About eight years old when his parents moved to Clay county, Josiah Standley spent all of his early life on the frontier, his parents moving from time to time to a newer country, taking advantage of every opening made. Inheriting in a marked degree the patriotism that characterized his ancestors, he enlisted at the breaking out of the Mexican war in Company H, Fourth Indiana Volunteer Infantry, went with his command to Mexico, and there fought until peace was declared. He then marched with his comrades from the interior to Vera Cruz, and from there sailing by way of the gulf and rivers to Madison, Indiana, where he was honorably discharged from service. Returning home, Mr. Standley received a land warrant for his services, and with that secured the land that his father had previously pre-empted. There he was afterwards engaged in farming until the tocsin of war again rung through the land. Then, in 1861, he enlisted in Company E, Forty-third Indiana Volunteer Infantry, was appointed second lieutenant of his company, and went with his command to Missouri, where he took part in the battle of New Madrid. Early in 1862 he was taken ill, and on March 29 of that year resigned and returned home to recuperate. Recovering his health, he enlisted during the same year in Company I, Ninety-seventh Indiana Volunteer Infantry, and was made second lieutenant of that company. He was afterwards promoted to first lieutenant, and later received his commission as captain of his company. While in service Captain Standley participated in more than forty different engagements, including those at Jackson, Mississippi, where he was wounded; at Vicksburg, Kenesaw Mountain, Dalton, Resaca and the siege and capture of Atlanta, where for a time he commanded a regiment. The Captain was with his command on the memorable march to the sea, thence through South Carolina to North Carolina. There, at Lynch Creek, while in command of a mounted squad in detached duty, he was captured and taken to Andersonville. His experience there, however, was brief, as he was transferred to Libby prison, and there confined until the close of the war, when he joined his regiment at Alexandria, Virginia, where he was honorably discharged. Returning home, Captain Standley was for several years actively engaged in farming, and at one time had title to over four hundred acres of land. Much of this he has since deeded to his children, although he has now one hundred and twenty-five acres in his possession.

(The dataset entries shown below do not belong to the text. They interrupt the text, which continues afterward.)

(* Let $p_1,\dots,p_r$ be pairwise distinct prime numbers, $\alpha_1,\dots,\alpha_r$ positive integers, and $k_i=p_i^{\alpha_i}$. Then the ring $A=\mathbb{Z}_{k_1}\times\mathbb{Z}_{k_2}\times\cdots\times\mathbb{Z}_{k_r}$ (direct product with componentwise operations) is a BL-ring.
   Context: For a commutative unitary ring $R$, its ideals $Id(R)$ form a residuated lattice $(Id(R),\cap,+,\otimes,\rightarrow,\{0\},R)$, ordered by inclusion, where $I+J$ is the ideal sum, $I\otimes J$ the ideal product, and $I\rightarrow J=(J:I)=\{x\in R: xI\subseteq J\}$. A BL-algebra is a residuated lattice satisfying prelinearity $(x\rightarrow y)\vee(y\rightarrow x)=1$ and divisibility $x\odot(x\rightarrow y)=x\wedge y$. A BL-ring is a commutative unitary ring whose lattice of ideals, with this structure, is a BL-algebra. *)

theory Defs
  imports "HOL-Algebra.Chinese_Remainder" "HOL-Algebra.Ideal_Product" "HOL-Number_Theory.Residues"
begin

text \<open>A residuated lattice (L, mt, jn, ml, rs, bt, tp): a bounded lattice
  (order given by x \<le> y iff mt x y = x, bt least, tp greatest), a commutative monoid
  (L, ml, tp), and the residuation law  ml x y \<le> z  iff  x \<le> rs y z.\<close>

definition residuated_lattice ::
  "'a set \<Rightarrow> ('a \<Rightarrow> 'a \<Rightarrow> 'a) \<Rightarrow> ('a \<Rightarrow> 'a \<Rightarrow> 'a) \<Rightarrow> ('a \<Rightarrow> 'a \<Rightarrow> 'a)
     \<Rightarrow> ('a \<Rightarrow> 'a \<Rightarrow> 'a) \<Rightarrow> 'a \<Rightarrow> 'a \<Rightarrow> bool" where
  "residuated_lattice L mt jn ml rs bt tp \<longleftrightarrow>
     bt \<in> L \<and> tp \<in> L \<and>
     (\<forall>x\<in>L. \<forall>y\<in>L. mt x y \<in> L \<and> jn x y \<in> L \<and> ml x y \<in> L \<and> rs x y \<in> L) \<and>
     (\<forall>x\<in>L. \<forall>y\<in>L. mt x y = mt y x \<and> jn x y = jn y x) \<and>
     (\<forall>x\<in>L. \<forall>y\<in>L. \<forall>z\<in>L. mt (mt x y) z = mt x (mt y z) \<and>
                              jn (jn x y) z = jn x (jn y z)) \<and>
     (\<forall>x\<in>L. \<forall>y\<in>L. mt x (jn x y) = x \<and> jn x (mt x y) = x) \<and>
     (\<forall>x\<in>L. mt bt x = bt \<and> mt x tp = x) \<and>
     (\<forall>x\<in>L. \<forall>y\<in>L. \<forall>z\<in>L. ml (ml x y) z = ml x (ml y z)) \<and>
     (\<forall>x\<in>L. \<forall>y\<in>L. ml x y = ml y x) \<and>
     (\<forall>x\<in>L. ml x tp = x) \<and>
     (\<forall>x\<in>L. \<forall>y\<in>L. \<forall>z\<in>L. (mt (ml x y) z = ml x y) \<longleftrightarrow> (mt x (rs y z) = x))"

definition BL_algebra ::
  "'a set \<Rightarrow> ('a \<Rightarrow> 'a \<Rightarrow> 'a) \<Rightarrow> ('a \<Rightarrow> 'a \<Rightarrow> 'a) \<Rightarrow> ('a \<Rightarrow> 'a \<Rightarrow> 'a)
     \<Rightarrow> ('a \<Rightarrow> 'a \<Rightarrow> 'a) \<Rightarrow> 'a \<Rightarrow> 'a \<Rightarrow> bool" where
  "BL_algebra L mt jn ml rs bt tp \<longleftrightarrow>
     residuated_lattice L mt jn ml rs bt tp \<and>
     (\<forall>x\<in>L. \<forall>y\<in>L. jn (rs x y) (rs y x) = tp) \<and>
     (\<forall>x\<in>L. \<forall>y\<in>L. ml x (rs x y) = mt x y)"

definition ideal_res :: "('a, 'b) ring_scheme \<Rightarrow> 'a set \<Rightarrow> 'a set \<Rightarrow> 'a set" where
  "ideal_res R I J = {x \<in> carrier R. \<forall>y\<in>I. x \<otimes>\<^bsub>R\<^esub> y \<in> J}"

definition BL_ring :: "('a, 'b) ring_scheme \<Rightarrow> bool" where
  "BL_ring R \<longleftrightarrow> cring R \<and>
     BL_algebra {I. ideal I R} (\<inter>) (set_add R) (ideal_prod R) (\<lambda>I J. ideal_res R I J)
       {\<zero>\<^bsub>R\<^esub>} (carrier R)"

end

theory Submission
  imports Defs "HOL-Algebra.IntRing" "HOL-Computational_Algebra.Group_Closure"
begin

text \<open>Every ideal of \<open>\<int>\<close> is principal. For \<open>I = d\<int>\<close>, \<open>J = e\<int>\<close> and
  \<open>g = gcd d e\<close>, the residuum \<open>I \<rightarrow> J\<close> contains \<open>e/g\<close> and \<open>J \<rightarrow> I\<close> contains
  \<open>d/g\<close>; these are coprime, which gives prelinearity, and
  \<open>I \<inter> J = lcm d e \<int> = d (e/g) \<int> \<subseteq> I (I \<rightarrow> J)\<close> gives divisibility. In the form \<open>I \<inter> J \<subseteq> I (I \<rightarrow> J)\<close> and \<open>1 \<in> (I \<rightarrow> J) + (J \<rightarrow> I)\<close> both
  axioms pass to surjective images \<open>h : R \<rightarrow> S\<close>: pull the ideals of \<open>S\<close> back to \<open>R\<close>,
  apply the axiom there and push forward, since \<open>h\<close> maps products into products and
  residua into residua. Finally, by the Chinese remainder theorem,
  \<open>n \<mapsto> (n mod k\<^sub>1, \<dots>, n mod k\<^sub>r)\<close> maps \<open>\<int>\<close> onto the product.\<close>

section \<open>BL-rings through their ideals\<close>

text \<open>The halves of divisibility and prelinearity that can fail: the reverse inclusions
  hold in every commutative ring.\<close>

definition ideals_divisible :: "('a, 'b) ring_scheme \<Rightarrow> bool" where
  "ideals_divisible R \<longleftrightarrow>
     (\<forall>I J. ideal I R \<longrightarrow> ideal J R \<longrightarrow> I \<inter> J \<subseteq> ideal_prod R I (ideal_res R I J))"
lemma lift_eq_iff:
  assumes "d \<in> nf_unit_residues K q1" "d' \<in> nf_unit_residues K q1"
    and "r \<in> nf_residues K p" "r' \<in> nf_residues K p"
  shows "lift d r = lift d' r' \<longleftrightarrow> d = d' \<and> r = r'"
proof
  assume eq: "lift d r = lift d' r'"
  note z = class_rep_lift(1)[OF assms(1,3)] class_rep_lift(1)[OF assms(2,4)]
  have "nf_cong K q (class_rep d + q1 * class_rep r) (class_rep d' + q1 * class_rep r')"
    using eq unfolding lift_def using nf_res_eq_iff[OF z] by blast
  then obtain c where c: "c \<in> \<O>"
    and diff: "class_rep d + q1 * class_rep r - (class_rep d' + q1 * class_rep r') = p * q1 * c"
    unfolding nf_cong_def q_eq by blast
  have r: "class_rep r \<in> \<O>" "class_rep r' \<in> \<O>"
    using assms(3,4) class_rep_residue(1) by blast+
  have "class_rep d - class_rep d' = q1 * (p * c - (class_rep r - class_rep r'))"
    using diff by (simp add: algebra_simps)
  moreover have "p * c - (class_rep r - class_rep r') \<in> \<O>"
    using p_integer c r by (intro integers_diff integers_mult)
  ultimately have "nf_cong K q1 (class_rep d) (class_rep d')"
    unfolding nf_cong_def by blast
  then have "d = d'"
    using nf_res_eq_iff class_rep_unit_residue(1,3) assms(1,2) by metis
  then have "q1 * (class_rep r - class_rep r') = q1 * (p * c)"
    using diff by (simp add: algebra_simps)
  then have "class_rep r - class_rep r' = p * c"
    using q1_nonzero by simp
  then have "nf_cong K p (class_rep r) (class_rep r')"
    unfolding nf_cong_def using c by blast
  then have "r = r'"
    using nf_res_eq_iff class_rep_residue assms(3,4) by metis
  with \<open>d = d'\<close> show "d = d' \<and> r = r'" ..
qed (simp)

lemma lift_surj:
  assumes "c \<in> nf_unit_residues K q"
  obtains d r where "d \<in> nf_unit_residues K q1" "r \<in> unit_lifts d" "c = lift d r"
proof -
  note x = class_rep_unit_residue[OF assms]
  define d where "d = nf_res K q1 (class_rep c)"
  have "nf_unit_mod K q1 (class_rep c)"
    using x(2) nf_unit_mod_mult_iff[OF p_integer q1_integer] q_eq by simp
  then have d: "d \<in> nf_unit_residues K q1"
    unfolding d_def by (rule nf_res_in_unit_residues)
  have "nf_cong K q1 (class_rep c) (class_rep d)"
    unfolding d_def using class_rep_nf_res[OF x(1)] nf_cong_sym by blast
  then obtain t where t: "t \<in> \<O>" "class_rep c - class_rep d = q1 * t"
    unfolding nf_cong_def by blast
  define r where "r = nf_res K p t"
  have r: "r \<in> nf_residues K p" unfolding r_def using t(1) by (rule nf_res_in_residues)
  obtain e where e: "e \<in> \<O>" "class_rep r - t = p * e"
    unfolding r_def using class_rep_nf_res[OF t(1)] unfolding nf_cong_def by blast
  have "class_rep d + q1 * class_rep r - class_rep c = q * e"
    using t(2) e(2) q_eq by (simp add: algebra_simps)
  then have z: "nf_cong K q (class_rep d + q1 * class_rep r) (class_rep c)"
    unfolding nf_cong_def using e(1) by blast
  then have "lift d r = c"
    unfolding lift_def using nf_res_eq_iff class_rep_lift(1)[OF d r] x(1,3) by metis
  moreover have "r \<in> unit_lifts d"
    unfolding unit_lifts_def
    using r nf_unit_mod_cong[OF x(2) class_rep_lift(1)[OF d r] z] by blast
  ultimately show ?thesis using that d by blast
qed

lemma lift_bij:
  "bij_betw (\<lambda>(d, r). lift d r)
     (SIGMA d:nf_unit_residues K q1. unit_lifts d) (nf_unit_residues K q)"
proof (rule bij_betwI')
  show "((\<lambda>(d, r). lift d r) x = (\<lambda>(d, r). lift d r) y) = (x = y)"
    if "x \<in> (SIGMA d:nf_unit_residues K q1. unit_lifts d)"
      "y \<in> (SIGMA d:nf_unit_residues K q1. unit_lifts d)" for x y
    using that lift_eq_iff unfolding unit_lifts_def by auto
  show "(\<lambda>(d, r). lift d r) x \<in> nf_unit_residues K q"
    if "x \<in> (SIGMA d:nf_unit_residues K q1. unit_lifts d)" for x
    using that lift_in_unit_residues by auto
  show "\<exists>x\<in>SIGMA d:nf_unit_residues K q1. unit_lifts d. c = (\<lambda>(d, r). lift d r) x"
    if "c \<in> nf_unit_residues K q" for c
    using lift_surj[OF that] by blast
qed

lemma unit_lifts_if_dvd:
  assumes "nf_cong K p q1 0" "d \<in> nf_unit_residues K q1"
  shows "unit_lifts d = nf_residues K p"
proof -
  obtain s where s: "s \<in> \<O>" "q1 = p * s" using assms(1) unfolding nf_cong_def by auto
  have "nf_unit_mod K p (class_rep d)"
    using class_rep_unit_residue(2)[OF assms(2)] nf_unit_mod_mult_iff[OF p_integer s(1)] s(2)
    by simp
  moreover have "nf_cong K p (class_rep d + q1 * class_rep r) (class_rep d)"
    if "r \<in> nf_residues K p" for r
    using nf_cong_add_multiple[of "s * class_rep r" p "class_rep d"] s
      class_rep_residue(1)[OF that] integers_mult by (simp add: ac_simps)
  ultimately show ?thesis
    using unit_lifts_iff[OF assms(2)] nf_unit_mod_cong class_rep_lift(1)[OF assms(2)] by blast
qed

text \<open>If \<open>pu + q\<^sub>1v = 1\<close>, then \<open>v(d + q\<^sub>1r) \<equiv> r + vd (mod p)\<close>, so \<open>d + q\<^sub>1r\<close> is a non-unit
  modulo \<open>p\<close> exactly for \<open>r \<equiv> -vd\<close>.\<close>

lemma unit_lifts_if_coprime:
  assumes "p * u + q1 * v = 1" "u \<in> \<O>" "v \<in> \<O>" "d \<in> nf_unit_residues K q1"
  shows "unit_lifts d = nf_residues K p - {nf_res K p (- v * class_rep d)}"
proof -
  have x: "class_rep d \<in> \<O>" using class_rep_unit_residue(1)[OF assms(4)] .
  have "nf_cong K p (class_rep d + q1 * y) 0 \<longleftrightarrow> nf_cong K p y (- v * class_rep d)"
    if y: "y \<in> \<O>" for y
  proof
    assume "nf_cong K p (class_rep d + q1 * y) 0"
    then obtain c where "c \<in> \<O>" "class_rep d + q1 * y = p * c" unfolding nf_cong_def by auto
    moreover have "y - - v * class_rep d = v * (class_rep d + q1 * y) + p * (u * y)"
      by (subst (1) mult_1_right[symmetric, of y], subst assms(1)[symmetric])
        (simp add: algebra_simps)
    ultimately show "nf_cong K p y (- v * class_rep d)"
      unfolding nf_cong_def using assms(2,3) y
      by (intro bexI[of _ "v * c + u * y"]) (simp_all add: algebra_simps integers_add integers_mult)
  next
    assume "nf_cong K p y (- v * class_rep d)"
    then obtain c where "c \<in> \<O>" "y + v * class_rep d = p * c" unfolding nf_cong_def by auto
    moreover have "class_rep d + q1 * y = p * (u * class_rep d) + q1 * (y + v * class_rep d)"
      by (subst (1) mult_1_right[symmetric, of "class_rep d"], subst assms(1)[symmetric])
        (simp add: algebra_simps)
    ultimately show "nf_cong K p (class_rep d + q1 * y) 0"
      unfolding nf_cong_def using assms(2) x q1_integer
      by (intro bexI[of _ "u * class_rep d + q1 * c"])
        (simp_all add: algebra_simps integers_add integers_mult)
  qed
  moreover have "- v * class_rep d \<in> \<O>" using assms(3) x integers_mult integers_uminus by simp
  ultimately have "r \<in> unit_lifts d \<longleftrightarrow> r \<in> nf_residues K p \<and> r \<noteq> nf_res K p (- v * class_rep d)"
    for r
    using unit_lifts_iff[OF assms(4)] nf_unit_mod_prime_iff[OF prime class_rep_lift(1)[OF assms(4)]]
      nf_res_eq_iff class_rep_residue[of r p] by metis
  then show ?thesis by blast
qed

lemma bezout_if_not_dvd:
  assumes "\<not> nf_cong K p q1 0"
  obtains u v where "u \<in> \<O>" "v \<in> \<O>" "p * u + q1 * v = 1"
proof -
  obtain v c where "v \<in> \<O>" "c \<in> \<O>" "q1 * v - 1 = p * c"
    using nf_unit_mod_prime_iff[OF prime q1_integer] assms
    unfolding nf_unit_mod_def nf_cong_def by blast
  then show ?thesis using that[of "- c" v] integers_uminus by (simp add: algebra_simps)
qed

lemma residues_zero_one:
  "nf_res K p 0 \<in> nf_residues K p" "nf_res K p 1 \<in> nf_residues K p"
  "nf_res K p 0 \<noteq> nf_res K p 1"
  using nf_res_in_residues integers_zero integers_one nf_res_eq_iff nf_cong_sym
    nf_prime_elemD(3)[OF prime] by metis+

lemma unit_lifts_nonempty_cofinite:
  assumes "d \<in> nf_unit_residues K q1"
  shows "unit_lifts d \<noteq> {}" and "\<exists>r. nf_residues K p \<subseteq> insert r (unit_lifts d)"
proof -
  have "\<exists>r. unit_lifts d = nf_residues K p - {r}" if coprime: "\<not> nf_cong K p q1 0"
  proof -
    obtain u v where "u \<in> \<O>" "v \<in> \<O>" "p * u + q1 * v = 1"
      by (rule bezout_if_not_dvd[OF coprime])
    then show ?thesis using unit_lifts_if_coprime[OF _ _ _ assms] by blast
  qed
  then obtain r where "unit_lifts d = nf_residues K p \<or> unit_lifts d = nf_residues K p - {r}"
    using unit_lifts_if_dvd[OF _ assms] by blast
  moreover have "nf_residues K p - {r} \<noteq> {}"
    using residues_zero_one by blast
  ultimately have "unit_lifts d \<noteq> {} \<and> (\<exists>r. nf_residues K p \<subseteq> insert r (unit_lifts d))"
    using residues_zero_one(1) by auto
  then show "unit_lifts d \<noteq> {}" "\<exists>r. nf_residues K p \<subseteq> insert r (unit_lifts d)" by blast+
qed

Captain Standley has been three times married. He married first, at the age of twenty-two years, Margaret Hinkle, who was born in Illinois, a daughter of Samuel Hinkle. Her grandfather, Nathan Hinkle, came from Germany, his native land, to America in colonial times, and fought with the colonists in their struggle for liberty, serving as a soldier in the Continental army for seven years. Subsequently coming to Indiana, he was a pioneer settler of Sullivan county, and at his death his body was laid to rest in Hymera, where his friends have erected a monument to his memory. Mrs. Margaret Standley died about two years after her marriage, and a year later Captain Standley married her sister, Mahala Hinkle, also deceased. In 1905 Captain Standley married Mrs. Nancy J. Ooley. By his first marriage he had one son, Hartwell Barham Standley, M. D., a successful physician and surgeon of California. By his second marriage he had the following children: Elihu E., James H., William H., Josiah S., Emma, Nettie, Asenath R., and Fannie. Fraternally the Captain was made a Mason at Sullivan, Indiana, when young, and he was formerly a member of Fletcher Freeman Post. G. A. R., located at Cass, Indiana.